Eight Myths About Dental Health Debunked
by Vanessa James
When it comes to dental health, everyone is well aware of the importance of brushing their teeth on a regular basis. Everyone is also well aware of the permanent problems that can be caused by failing to do so.
When it comes to other matters of dental health however, there tends to be a little more confusion.
Between misunderstandings and misinformation, the prevalence of myths on the topic is surprisingly high.
If you’d like to keep your teeth shiny and white, here are eight popular dental health myths that you’d be wise to ignore.
1) Pregnant Women Should Avoid Dental Visits
Unfortunately, getting pregnant is not a good excuse for skipping a dental appointment. If you are pregnant, it is important to inform your dentist however as there are some procedures that you cannot have done. These include amalgam removal and the use of certain antibiotics.
Cleanings, fillings and local anesthetics are all perfectly harmless. In fact, even x-rays are considered okay provided they are genuinely necessary.
2) The More You Brush the Better
Increasing the amount of time that you spend brushing your teeth will only benefit them if you’re not currently brushing them enough.
If you’re already brushing your teeth the recommended amount (two minutes, twice a day), brushing them more is actually likely to do more harm than good.
This is because toothpaste is a form of abrasive and over brushing can therefore wear your teeth down.
3) Children Don’t Need to Go to the Dentist Until They Get Their Second Teeth
While damage to a child’s primary teeth might not be a permanent problem, that doesn’t mean that it can’t be painful. It’s also very common for children who go to the dentist later in life to have picked up quite a few poor dental hygiene habits.
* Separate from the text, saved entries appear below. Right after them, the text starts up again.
lemma pderiv_roots_between:
  fixes P :: "real poly"
  assumes fin: "finite R" and card_R: "card R = n" and root: "\<And>x. x \<in> R \<Longrightarrow> poly P x = 0"
  shows "\<exists>z. inj_on z {..<n-1} \<and> (\<forall>i<n-1. poly (pderiv P) (z i) = 0)"
proof -
  define xs where "xs = sorted_list_of_set R"
  have len: "length xs = n" and set_xs: "set xs = R"
    unfolding xs_def using card_R fin by simp_all
  have sorted: "sorted_wrt (<) xs" unfolding xs_def by (rule strict_sorted_list_of_set)
  have lt: "xs ! i < xs ! j" if "i < j" "j < n" for i j
    using sorted_wrt_nth_less[OF sorted that(1)] that len by simp
  have root_xs: "poly P (xs ! i) = 0" if "i < n" for i
    using root nth_mem that len set_xs by metis
  have cont: "continuous_on A (poly P)" for A
    by (rule continuous_at_imp_continuous_on) (auto intro: DERIV_isCont[OF poly_DERIV])
  have "\<exists>z. xs ! i < z \<and> z < xs ! Suc i \<and> poly (pderiv P) z = 0" if "i < n - 1" for i
  proof -
    have "xs ! i < xs ! Suc i" "poly P (xs ! i) = poly P (xs ! Suc i)"
      using lt root_xs that by simp_all
    from Rolle_deriv[OF this cont has_field_derivative_imp_has_derivative[OF poly_DERIV]]
    obtain z where "xs ! i < z" "z < xs ! Suc i" "(*) (poly (pderiv P) z) = (\<lambda>v. 0)"
      by blast
    then show ?thesis by (metis mult_1_right)
  qed
  then obtain z where z: "\<And>i. i < n - 1 \<Longrightarrow> xs ! i < z i \<and> z i < xs ! Suc i \<and> poly (pderiv P) (z i) = 0"
    by metis
  have "z i < z j" if "i < j" "j < n - 1" for i j
  proof -
    have "z i < xs ! Suc i" using z that by simp
    also have "xs ! Suc i \<le> xs ! j"
    proof (cases "Suc i = j")
      case False
      with that show ?thesis by (intro less_imp_le lt) auto
    qed simp
    also have "xs ! j < z j" using z that by simp
    finally show ?thesis .
  qed
  then have "inj_on z {..<n-1}"
    by (intro inj_onI) (metis lessThan_iff less_irrefl nat_neq_iff)
  with z show ?thesis by blast
qed

lemma pderiv_root_poly:
  assumes fin: "finite S" and card_S: "card S = n" and n2: "2 \<le> n" and inj: "inj_on lam S"
  shows "\<exists>rho. inj_on rho {..<n-1} \<and>
           pderiv (root_poly S lam) = smult (real n) (root_poly {..<n-1} rho)"
proof -
  define P where "P = root_poly S lam"
  have inj_neg: "inj_on (\<lambda>j. - lam j) S" using inj unfolding inj_on_def by auto
  have "\<exists>z. inj_on z {..<n-1} \<and> (\<forall>i<n-1. poly (pderiv P) (z i) = 0)"
  proof (rule pderiv_roots_between)
    show "card ((\<lambda>j. - lam j) ` S) = n" using card_image[OF inj_neg] card_S by simp
    show "poly P x = 0" if "x \<in> (\<lambda>j. - lam j) ` S" for x
      using that fin by (auto simp: P_def poly_root_poly prod_zero_iff)
  qed (use fin in simp)
  then obtain z where inj_z: "inj_on z {..<n-1}"
    and z: "\<And>i. i < n - 1 \<Longrightarrow> poly (pderiv P) (z i) = 0" by blast
  define rho where "rho = (\<lambda>i. - z i)"
  have inj_rho: "inj_on rho {..<n-1}" using inj_z unfolding rho_def inj_on_def by auto
  define Q where "Q = smult (real n) (root_poly {..<n-1} rho)"
  define D where "D = pderiv P - Q"
  have coeff_P: "coeff (pderiv P) i = real (Suc i) * (if Suc i \<le> n then esym S (n - Suc i) lam else 0)"
    for i unfolding P_def by (simp add: coeff_pderiv coeff_root_poly[OF fin] card_S)
  have coeff_Q: "coeff Q i = real n * (if i \<le> n - 1 then esym {..<n-1} (n - 1 - i) rho else 0)" for i
    unfolding Q_def by (simp add: coeff_root_poly)
  text \<open>Both are of degree \<open>n - 1\<close> with leading coefficient \<open>n\<close>, and they share \<open>n - 1\<close> roots.\<close>
  have "coeff D i = 0" if "i > n - 2" for i
    using that n2 fin unfolding D_def coeff_diff coeff_P coeff_Q
    by (cases "i = n - 1") (auto simp: esym_0 Suc_diff_Suc)
  then have deg_D: "degree D \<le> n - 2" by (intro degree_le) auto
  have "D = 0"
  proof (rule ccontr)
    assume "D \<noteq> 0"
    have roots: "z ` {..<n-1} \<subseteq> {x. poly D x = 0}"
      using z by (auto simp: D_def Q_def poly_root_poly prod_zero_iff rho_def)
    have "n - 1 = card (z ` {..<n-1})" using card_image[OF inj_z] by simp
    also have "\<dots> \<le> card {x. poly D x = 0}"
      by (rule card_mono[OF poly_roots_finite[OF \<open>D \<noteq> 0\<close>] roots])
    also have "\<dots> \<le> degree D" by (rule card_poly_roots_bound[OF \<open>D \<noteq> 0\<close>])
    finally show False using deg_D n2 by simp
  qed
  then show ?thesis using inj_rho unfolding D_def Q_def P_def by auto
qed

definition esym_mean :: "'i set \<Rightarrow> nat \<Rightarrow> ('i \<Rightarrow> real) \<Rightarrow> real" where
  "esym_mean S k lam = esym S k lam / real (card S choose k)"

lemma esym_mean_eq_0: "finite S \<Longrightarrow> card S < k \<Longrightarrow> esym_mean S k lam = 0"
  by (simp add: esym_mean_def esym_eq_0)

lemma esym_mean_pderiv_roots:
  assumes fin: "finite S" and card_S: "card S = n" and n2: "2 \<le> n" and inj: "inj_on lam S"
  shows "\<exists>rho. inj_on rho {..<n-1} \<and>
           (\<forall>m \<le> n-1. esym_mean {..<n-1} m rho = esym_mean S m lam)"
proof -
  obtain rho where inj_rho: "inj_on rho {..<n-1}"
    and D: "pderiv (root_poly S lam) = smult (real n) (root_poly {..<n-1} rho)"
    using pderiv_root_poly[OF assms] by blast
  have "esym_mean {..<n-1} m rho = esym_mean S m lam" if m: "m \<le> n - 1" for m
  proof -
    define i where "i = n - 1 - m"
    have i: "Suc i = n - m" "n - (n - m) = m" "i \<le> n - 1" "n - 1 - i = m"
      using m n2 unfolding i_def by auto
    have "real (Suc i) * coeff (root_poly S lam) (Suc i) = real n * coeff (root_poly {..<n-1} rho) i"
      using arg_cong[OF D, of "\<lambda>P. coeff P i"] by (simp add: coeff_pderiv)
    then have "real (n - m) * esym S m lam = real n * esym {..<n-1} m rho"
      unfolding coeff_root_poly[OF fin] coeff_root_poly[OF finite_lessThan] card_S card_lessThan i
      using i(3) by simp
    then have "esym {..<n-1} m rho = real (n - m) * esym S m lam / real n"
      using n2 by (simp add: field_simps)
    moreover have "real (n - 1 choose m) = real (n - m) * real (n choose m) / real n"
      using binomial_absorb_comp[of n m] n2 by (simp add: field_simps flip: of_nat_mult)
    moreover have "real (n - m) > 0" "real (n choose m) > 0" using m n2 by auto
    ultimately show ?thesis
      unfolding esym_mean_def card_S card_lessThan using n2 by simp
  qed
  with inj_rho show ?thesis by blast
qed

lemma esym_mean_2_le_square: "finite S \<Longrightarrow> esym_mean S 2 x \<le> (esym_mean S 1 x)\<^sup>2"
proof -
  assume fin: "finite S"
  define n where "n = card S"
  show ?thesis
  proof (cases "n < 2")
    case True
    then have choose0: "real (card S choose 2) = 0" by (simp add: n_def)
    show ?thesis unfolding esym_mean_def choose0 by simp
  next
    case False
    then have n2: "real n \<ge> 2" by simp
    have choose2: "2 * real (n choose 2) = real n * (real n - 1)"
    proof -
      have "2 * (n choose 2) = n * (n - 1)"
        using times_binomial_minus1_eq[of 2 n] by simp
      then have "real (2 * (n choose 2)) = real (n * (n - 1))" by metis
      then show ?thesis using False by (simp add: of_nat_diff)
    qed
    let ?s1 = "\<Sum>j\<in>S. x j" and ?s2 = "\<Sum>j\<in>S. (x j)\<^sup>2"
    have "?s1\<^sup>2 \<le> ?s2 * real n"
      unfolding n_def by (rule sum_squared_le_sum_of_squares)
    then have cauchy: "?s1\<^sup>2 / real n \<le> ?s2"
      using n2 by (simp add: divide_le_eq)
    have E2: "esym_mean S 2 x = (?s1\<^sup>2 - ?s2) / (real n * (real n - 1))"
    proof -
      have "esym_mean S 2 x = (2 * esym S 2 x) / (2 * real (n choose 2))"
        by (simp add: esym_mean_def n_def)
      then show ?thesis using esym_2[OF fin, of x] choose2 by simp
    qed
    have E1: "esym_mean S 1 x = ?s1 / real n"
      unfolding esym_mean_def using esym_1[OF fin] n_def by simp
    have "(?s1\<^sup>2 - ?s2) / (real n * (real n - 1)) \<le> (?s1\<^sup>2 - ?s1\<^sup>2 / real n) / (real n * (real n - 1))"
      using cauchy n2 by (intro divide_right_mono) auto
    also have "\<dots> = (?s1 / real n)\<^sup>2"
      using n2 by (simp add: field_simps power2_eq_square)
    finally show ?thesis using E1 E2 by simp
  qed
qed

text \<open>The case \<open>k = n - 1\<close> is the case \<open>k = 1\<close> applied to the reciprocals \<open>1 / \<lambda>\<^sub>j\<close>.\<close>

lemma newton_inequality_top:
  assumes fin: "finite S" and card_S: "card S = n" and n2: "2 \<le> n"
  shows "esym_mean S (n - 2) lam * esym_mean S n lam \<le> (esym_mean S (n - 1) lam)\<^sup>2"
proof (cases "\<exists>j\<in>S. lam j = 0")
  case True
  then have "esym_mean S n lam = 0"
    using esym_card[OF fin] card_S fin by (simp add: esym_mean_def prod_zero_iff)
  then show ?thesis by simp
next
  case False
  define p where "p = (\<Prod>j\<in>S. lam j)"
  have p0: "p \<noteq> 0" using False fin by (simp add: p_def prod_zero_iff)
  have recip: "esym_mean S m (\<lambda>j. 1 / lam j) = esym_mean S (n - m) lam / p" if "m \<le> n" for m
    using esym_inverse[OF fin _ that[folded card_S]] False p0 card_S that
    by (simp add: esym_mean_def p_def binomial_symmetric[OF that] field_simps)
  have "esym_mean S (n - 2) lam / p \<le> (esym_mean S (n - 1) lam / p)\<^sup>2"
    using esym_mean_2_le_square[OF fin, of "\<lambda>j. 1 / lam j"] recip[of 1] recip[of 2] n2
    by simp
  then have "esym_mean S (n - 2) lam * p \<le> (esym_mean S (n - 1) lam)\<^sup>2"
    using p0 by (simp add: field_simps power2_eq_square divide_le_eq split: if_splits)
  moreover have "esym_mean S n lam = p"
    using esym_card[OF fin, of lam] card_S by (simp add: esym_mean_def p_def)
  ultimately show ?thesis by simp
qed

text \<open>For distinct values, passing to the roots of the derivative keeps the means
  \<open>esym_mean m\<close> with \<open>m < n\<close>, which reduces everything to \<open>k = n - 1\<close>.\<close>

lemma newton_inequality_inj:
  fixes S :: "nat set"
  shows "finite S \<Longrightarrow> card S = n \<Longrightarrow> inj_on lam S \<Longrightarrow> 1 \<le> k \<Longrightarrow>
   esym_mean S (k - 1) lam * esym_mean S (Suc k) lam \<le> (esym_mean S k lam)\<^sup>2"
proof (induction n arbitrary: S lam k rule: less_induct)
  case (less n)
  note fin = less.prems(1) and card_S = less.prems(2) and inj = less.prems(3) and k1 = less.prems(4)
  consider "n < Suc k" | "Suc k = n" | "Suc k < n" by linarith
  then show ?case
  proof cases
    case 1
    then show ?thesis using esym_mean_eq_0[OF fin] card_S by simp
  next
    case 2
    then have "n - 2 = k - 1" "n - 1 = k" "2 \<le> n" using k1 by auto
    then show ?thesis using newton_inequality_top[OF fin card_S, of lam] 2 by simp
  next
    case 3
    obtain rho where inj_rho: "inj_on rho {..<n-1}"
      and mean: "\<And>m. m \<le> n - 1 \<Longrightarrow> esym_mean {..<n-1} m rho = esym_mean S m lam"
      using esym_mean_pderiv_roots[OF fin card_S _ inj] 3 by auto
    have "esym_mean {..<n-1} (k - 1) rho * esym_mean {..<n-1} (Suc k) rho
        \<le> (esym_mean {..<n-1} k rho)\<^sup>2"
      using less.IH[of "n - 1" "{..<n-1}" rho k] inj_rho k1 3 by simp
    then show ?thesis using mean 3 by simp
  qed
qed

text \<open>The general case follows by perturbing \<open>lam\<close> to \<open>lam j + e j\<close>, which is injective for
  all but finitely many \<open>e\<close>, and using continuity.\<close>

lemma newton_inequality:
  fixes S :: "nat set"
  assumes fin: "finite S" and k1: "1 \<le> k"
  shows "esym_mean S (k - 1) lam * esym_mean S (Suc k) lam \<le> (esym_mean S k lam)\<^sup>2"
proof (rule ccontr)
  assume neg: "\<not> ?thesis"
  define L where "L = (\<lambda>(e::real) j. lam j + e * real j)"
  define F where "F = (\<lambda>e. (esym_mean S k (L e))\<^sup>2 - esym_mean S (k - 1) (L e) * esym_mean S (Suc k) (L e))"
  have "F 0 < 0" using neg unfolding F_def L_def by simp
  moreover have "continuous_on UNIV F"
    unfolding F_def esym_mean_def esym_def L_def divide_inverse by (intro continuous_intros)
  then have "open {e. F e < 0}"
    by (simp add: open_Collect_less continuous_on_const)
  ultimately obtain d where d: "d > 0" "ball 0 d \<subseteq> {e. F e < 0}"
    using open_contains_ball_eq by blast
  define B where "B = (\<lambda>(i, j). (lam j - lam i) / (real i - real j)) ` (S \<times> S)"
  have "infinite ({0<..<d} - B)"
    using fin by (intro Diff_infinite_finite infinite_Ioo d(1)) (simp add: B_def)
  then obtain e where e: "e \<in> {0<..<d}" "e \<notin> B"
    by (metis Diff_iff finite.emptyI ex_in_conv)
  have "inj_on (L e) S"
  proof (rule inj_onI, rule ccontr)
    fix i j assume ij: "i \<in> S" "j \<in> S" "L e i = L e j" "i \<noteq> j"
    then have "e = (lam j - lam i) / (real i - real j)"
      by (simp add: L_def field_simps)
    then show False using e ij unfolding B_def by force
  qed
  then have "F e \<ge> 0" using newton_inequality_inj[OF fin refl _ k1] unfolding F_def by simp
  moreover have "e \<in> ball 0 d" using e by (simp add: dist_norm)
  ultimately show False using d by auto
qed

section \<open>Monotonicity of \<open>\<sigma>\<^sub>k\<close> on the Garding cone\<close>

definition garding_cone :: "'i set \<Rightarrow> nat \<Rightarrow> ('i \<Rightarrow> real) \<Rightarrow> bool" where
  "garding_cone S k lam = (\<forall>j\<in>{1..k}. 0 < esym S j lam)"

lemma in_Gamma_iff_garding_cone: "in_Gamma n k lam = garding_cone {1..n} k lam"
  by (simp add: in_Gamma_def garding_cone_def sigma_eq_esym)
Because of these reasons, parents are advised to bring their children to the dentist before they reach their third birthday. Permanent teeth don’t usually arrive until a child reaches six.
4) You Take a Break from Brushing if Your Gums are Bleeding
Unfortunately, taking a break from brushing is likely to make your bleeding gums worse. This is because bleeding gums are typically caused by plaque build up, which is in turn caused by not brushing frequently enough.
The only way that brushing your teeth can make bleeding gums worse is if you are brushing your teeth too hard or with a brush with hard bristles. For best results, always brush your teeth gently and with a soft bristled brush.
5) When a Dentist Sees Spotless Teeth, He Assumes You Take Care of Your Teeth
It’s very common for people who don’t take good care of their teeth to try to hide this fact from the dentist by cleaning their teeth excessively before they visit the dentist.
Unfortunately, poor dental hygiene leads to red, swollen gums and there’s no amount of brushing that can hide them. Dentists can therefore always tell when a patient doesn’t take care of his/her teeth.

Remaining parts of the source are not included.